(Stored entries)
------

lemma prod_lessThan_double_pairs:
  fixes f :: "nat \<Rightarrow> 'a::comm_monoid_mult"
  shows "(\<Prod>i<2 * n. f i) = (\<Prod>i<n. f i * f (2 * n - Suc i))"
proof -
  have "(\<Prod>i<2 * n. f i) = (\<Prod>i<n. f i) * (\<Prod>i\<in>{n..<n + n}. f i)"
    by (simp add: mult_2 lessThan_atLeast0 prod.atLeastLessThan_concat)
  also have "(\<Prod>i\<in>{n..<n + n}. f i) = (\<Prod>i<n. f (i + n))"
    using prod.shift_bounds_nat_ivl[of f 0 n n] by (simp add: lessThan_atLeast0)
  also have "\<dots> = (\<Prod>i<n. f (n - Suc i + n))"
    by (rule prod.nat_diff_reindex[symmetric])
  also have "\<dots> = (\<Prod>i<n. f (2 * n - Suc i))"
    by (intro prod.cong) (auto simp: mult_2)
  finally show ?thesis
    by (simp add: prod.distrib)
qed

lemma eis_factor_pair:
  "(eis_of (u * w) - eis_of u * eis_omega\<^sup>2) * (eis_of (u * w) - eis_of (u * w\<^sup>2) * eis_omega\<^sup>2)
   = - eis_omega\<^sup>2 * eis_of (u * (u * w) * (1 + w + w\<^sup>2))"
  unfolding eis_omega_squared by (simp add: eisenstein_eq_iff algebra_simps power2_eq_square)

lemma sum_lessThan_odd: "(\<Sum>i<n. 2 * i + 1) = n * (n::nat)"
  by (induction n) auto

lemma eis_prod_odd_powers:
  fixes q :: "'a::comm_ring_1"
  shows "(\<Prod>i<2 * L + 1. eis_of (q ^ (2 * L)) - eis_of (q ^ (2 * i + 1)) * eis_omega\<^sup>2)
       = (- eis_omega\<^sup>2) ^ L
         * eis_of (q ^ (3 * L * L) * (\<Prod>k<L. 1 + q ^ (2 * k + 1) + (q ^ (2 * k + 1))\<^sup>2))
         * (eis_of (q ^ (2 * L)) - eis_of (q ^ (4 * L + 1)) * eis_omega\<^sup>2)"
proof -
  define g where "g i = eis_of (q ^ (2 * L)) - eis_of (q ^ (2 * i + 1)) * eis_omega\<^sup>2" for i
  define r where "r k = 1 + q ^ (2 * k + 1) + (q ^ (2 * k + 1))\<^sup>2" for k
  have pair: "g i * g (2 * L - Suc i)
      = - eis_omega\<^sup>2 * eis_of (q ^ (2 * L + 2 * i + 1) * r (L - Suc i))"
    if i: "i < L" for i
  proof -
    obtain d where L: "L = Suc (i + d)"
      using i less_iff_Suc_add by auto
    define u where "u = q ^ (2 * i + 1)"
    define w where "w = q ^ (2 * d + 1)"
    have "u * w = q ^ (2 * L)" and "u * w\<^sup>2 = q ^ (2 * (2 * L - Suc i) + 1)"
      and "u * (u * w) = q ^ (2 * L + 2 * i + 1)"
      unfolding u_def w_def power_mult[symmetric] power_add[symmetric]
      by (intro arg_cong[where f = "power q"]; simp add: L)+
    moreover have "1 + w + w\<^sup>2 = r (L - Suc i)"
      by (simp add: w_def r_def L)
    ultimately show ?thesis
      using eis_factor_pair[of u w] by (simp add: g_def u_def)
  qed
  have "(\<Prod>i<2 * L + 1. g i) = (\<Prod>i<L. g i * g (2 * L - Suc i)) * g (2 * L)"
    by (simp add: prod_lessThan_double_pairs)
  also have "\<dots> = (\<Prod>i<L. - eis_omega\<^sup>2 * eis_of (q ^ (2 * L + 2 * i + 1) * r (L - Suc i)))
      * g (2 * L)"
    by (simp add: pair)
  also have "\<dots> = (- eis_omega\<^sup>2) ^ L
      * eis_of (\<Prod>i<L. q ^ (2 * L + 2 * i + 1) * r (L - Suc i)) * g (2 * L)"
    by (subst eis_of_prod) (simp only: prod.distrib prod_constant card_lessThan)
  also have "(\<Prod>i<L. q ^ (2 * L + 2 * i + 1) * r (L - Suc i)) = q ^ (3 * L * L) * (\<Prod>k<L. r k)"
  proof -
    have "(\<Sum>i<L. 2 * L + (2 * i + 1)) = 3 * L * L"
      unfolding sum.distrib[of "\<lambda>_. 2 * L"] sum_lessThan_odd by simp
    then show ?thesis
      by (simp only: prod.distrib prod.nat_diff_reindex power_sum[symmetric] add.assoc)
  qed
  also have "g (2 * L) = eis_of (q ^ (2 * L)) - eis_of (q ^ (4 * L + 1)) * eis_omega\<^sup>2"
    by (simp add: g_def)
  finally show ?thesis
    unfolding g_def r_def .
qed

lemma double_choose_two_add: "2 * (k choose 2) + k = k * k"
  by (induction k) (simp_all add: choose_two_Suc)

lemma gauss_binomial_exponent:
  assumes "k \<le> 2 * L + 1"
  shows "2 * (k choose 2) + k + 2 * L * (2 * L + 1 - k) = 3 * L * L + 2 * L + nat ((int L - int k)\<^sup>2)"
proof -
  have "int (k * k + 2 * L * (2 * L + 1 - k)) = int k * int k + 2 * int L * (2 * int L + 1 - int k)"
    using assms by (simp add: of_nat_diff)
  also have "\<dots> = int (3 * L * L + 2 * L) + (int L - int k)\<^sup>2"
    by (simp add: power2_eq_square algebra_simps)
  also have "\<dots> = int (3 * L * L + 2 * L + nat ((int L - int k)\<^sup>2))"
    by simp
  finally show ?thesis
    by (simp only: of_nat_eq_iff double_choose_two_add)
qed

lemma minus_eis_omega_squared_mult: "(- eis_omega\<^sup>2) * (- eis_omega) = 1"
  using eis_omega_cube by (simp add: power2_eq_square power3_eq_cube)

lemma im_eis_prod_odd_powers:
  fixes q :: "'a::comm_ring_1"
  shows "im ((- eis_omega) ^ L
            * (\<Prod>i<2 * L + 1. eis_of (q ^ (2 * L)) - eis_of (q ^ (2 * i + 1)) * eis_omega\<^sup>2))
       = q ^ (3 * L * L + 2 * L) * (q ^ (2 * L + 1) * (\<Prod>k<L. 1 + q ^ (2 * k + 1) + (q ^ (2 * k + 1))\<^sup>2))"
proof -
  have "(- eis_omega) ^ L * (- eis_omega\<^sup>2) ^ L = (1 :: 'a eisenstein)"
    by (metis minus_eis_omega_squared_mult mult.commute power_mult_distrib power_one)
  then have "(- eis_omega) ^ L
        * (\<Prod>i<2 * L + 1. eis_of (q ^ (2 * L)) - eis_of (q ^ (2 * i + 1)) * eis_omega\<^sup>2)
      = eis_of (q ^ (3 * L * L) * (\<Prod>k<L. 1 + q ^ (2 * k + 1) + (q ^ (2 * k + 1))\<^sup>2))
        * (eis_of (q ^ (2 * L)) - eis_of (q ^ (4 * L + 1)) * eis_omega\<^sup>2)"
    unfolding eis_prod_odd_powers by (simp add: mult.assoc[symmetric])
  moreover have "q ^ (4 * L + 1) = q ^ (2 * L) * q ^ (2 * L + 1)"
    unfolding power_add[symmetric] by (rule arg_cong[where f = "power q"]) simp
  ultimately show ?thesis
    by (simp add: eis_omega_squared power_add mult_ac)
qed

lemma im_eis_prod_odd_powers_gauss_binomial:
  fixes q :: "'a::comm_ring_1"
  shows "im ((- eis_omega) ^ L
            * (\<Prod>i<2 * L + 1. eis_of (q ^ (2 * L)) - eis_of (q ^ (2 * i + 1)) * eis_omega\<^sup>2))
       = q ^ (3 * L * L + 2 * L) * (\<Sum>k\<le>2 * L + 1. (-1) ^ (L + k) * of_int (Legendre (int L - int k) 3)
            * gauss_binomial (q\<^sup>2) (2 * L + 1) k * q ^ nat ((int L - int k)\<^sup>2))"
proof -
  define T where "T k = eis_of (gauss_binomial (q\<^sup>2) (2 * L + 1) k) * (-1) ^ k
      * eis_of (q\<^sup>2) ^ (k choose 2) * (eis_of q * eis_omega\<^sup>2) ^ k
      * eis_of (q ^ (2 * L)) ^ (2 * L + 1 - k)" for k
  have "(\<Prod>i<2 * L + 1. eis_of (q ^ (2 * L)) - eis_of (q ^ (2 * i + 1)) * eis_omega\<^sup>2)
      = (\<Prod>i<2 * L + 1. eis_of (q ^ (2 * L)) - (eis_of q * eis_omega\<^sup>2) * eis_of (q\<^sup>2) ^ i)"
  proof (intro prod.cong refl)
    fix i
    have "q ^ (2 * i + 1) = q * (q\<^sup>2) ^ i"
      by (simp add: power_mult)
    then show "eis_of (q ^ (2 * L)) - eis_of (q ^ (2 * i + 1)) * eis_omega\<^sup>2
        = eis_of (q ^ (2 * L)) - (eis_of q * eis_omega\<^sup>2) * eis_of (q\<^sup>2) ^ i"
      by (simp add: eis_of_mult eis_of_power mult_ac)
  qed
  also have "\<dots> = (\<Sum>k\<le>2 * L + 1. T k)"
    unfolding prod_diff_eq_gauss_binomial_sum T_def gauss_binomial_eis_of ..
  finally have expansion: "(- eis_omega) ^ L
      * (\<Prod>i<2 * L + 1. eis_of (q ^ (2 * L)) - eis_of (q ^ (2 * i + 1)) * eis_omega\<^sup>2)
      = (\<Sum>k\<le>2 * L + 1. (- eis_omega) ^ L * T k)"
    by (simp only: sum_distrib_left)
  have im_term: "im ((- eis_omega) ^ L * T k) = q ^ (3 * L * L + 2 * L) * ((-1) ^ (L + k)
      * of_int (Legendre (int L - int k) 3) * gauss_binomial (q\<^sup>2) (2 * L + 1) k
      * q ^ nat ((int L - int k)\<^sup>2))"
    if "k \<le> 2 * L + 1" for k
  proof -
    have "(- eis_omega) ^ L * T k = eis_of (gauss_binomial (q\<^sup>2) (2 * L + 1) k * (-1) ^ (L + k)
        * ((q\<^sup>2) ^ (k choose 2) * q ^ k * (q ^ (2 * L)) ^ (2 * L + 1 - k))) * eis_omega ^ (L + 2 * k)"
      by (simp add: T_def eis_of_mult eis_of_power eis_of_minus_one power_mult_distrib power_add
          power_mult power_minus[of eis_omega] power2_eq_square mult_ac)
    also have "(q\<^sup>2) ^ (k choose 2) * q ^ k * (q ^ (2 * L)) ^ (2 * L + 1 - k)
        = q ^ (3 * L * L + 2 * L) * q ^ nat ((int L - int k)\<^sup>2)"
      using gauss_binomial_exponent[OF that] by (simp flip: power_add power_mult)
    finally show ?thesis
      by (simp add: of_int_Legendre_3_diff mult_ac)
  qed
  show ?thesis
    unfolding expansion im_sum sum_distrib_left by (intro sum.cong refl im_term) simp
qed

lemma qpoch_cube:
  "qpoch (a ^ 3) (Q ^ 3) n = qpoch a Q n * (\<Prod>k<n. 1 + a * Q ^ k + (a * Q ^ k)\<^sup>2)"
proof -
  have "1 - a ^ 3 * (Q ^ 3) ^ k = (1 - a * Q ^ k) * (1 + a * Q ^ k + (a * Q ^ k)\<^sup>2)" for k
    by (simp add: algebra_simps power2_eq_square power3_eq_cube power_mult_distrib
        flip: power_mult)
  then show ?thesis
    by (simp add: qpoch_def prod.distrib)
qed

------

→ **What is required**
Starting with the first line of the records above, give back each line exactly until the line with "(\<Prod>i<n. f i)" has been given as well.

→ **The answer**
lemma prod_lessThan_double_pairs:
  fixes f :: "nat \<Rightarrow> 'a::comm_monoid_mult"
  shows "(\<Prod>i<2 * n. f i) = (\<Prod>i<n. f i * f (2 * n - Suc i))"
proof -
  have "(\<Prod>i<2 * n. f i) = (\<Prod>i<n. f i) * (\<Prod>i\<in>{n..<n + n}. f i)"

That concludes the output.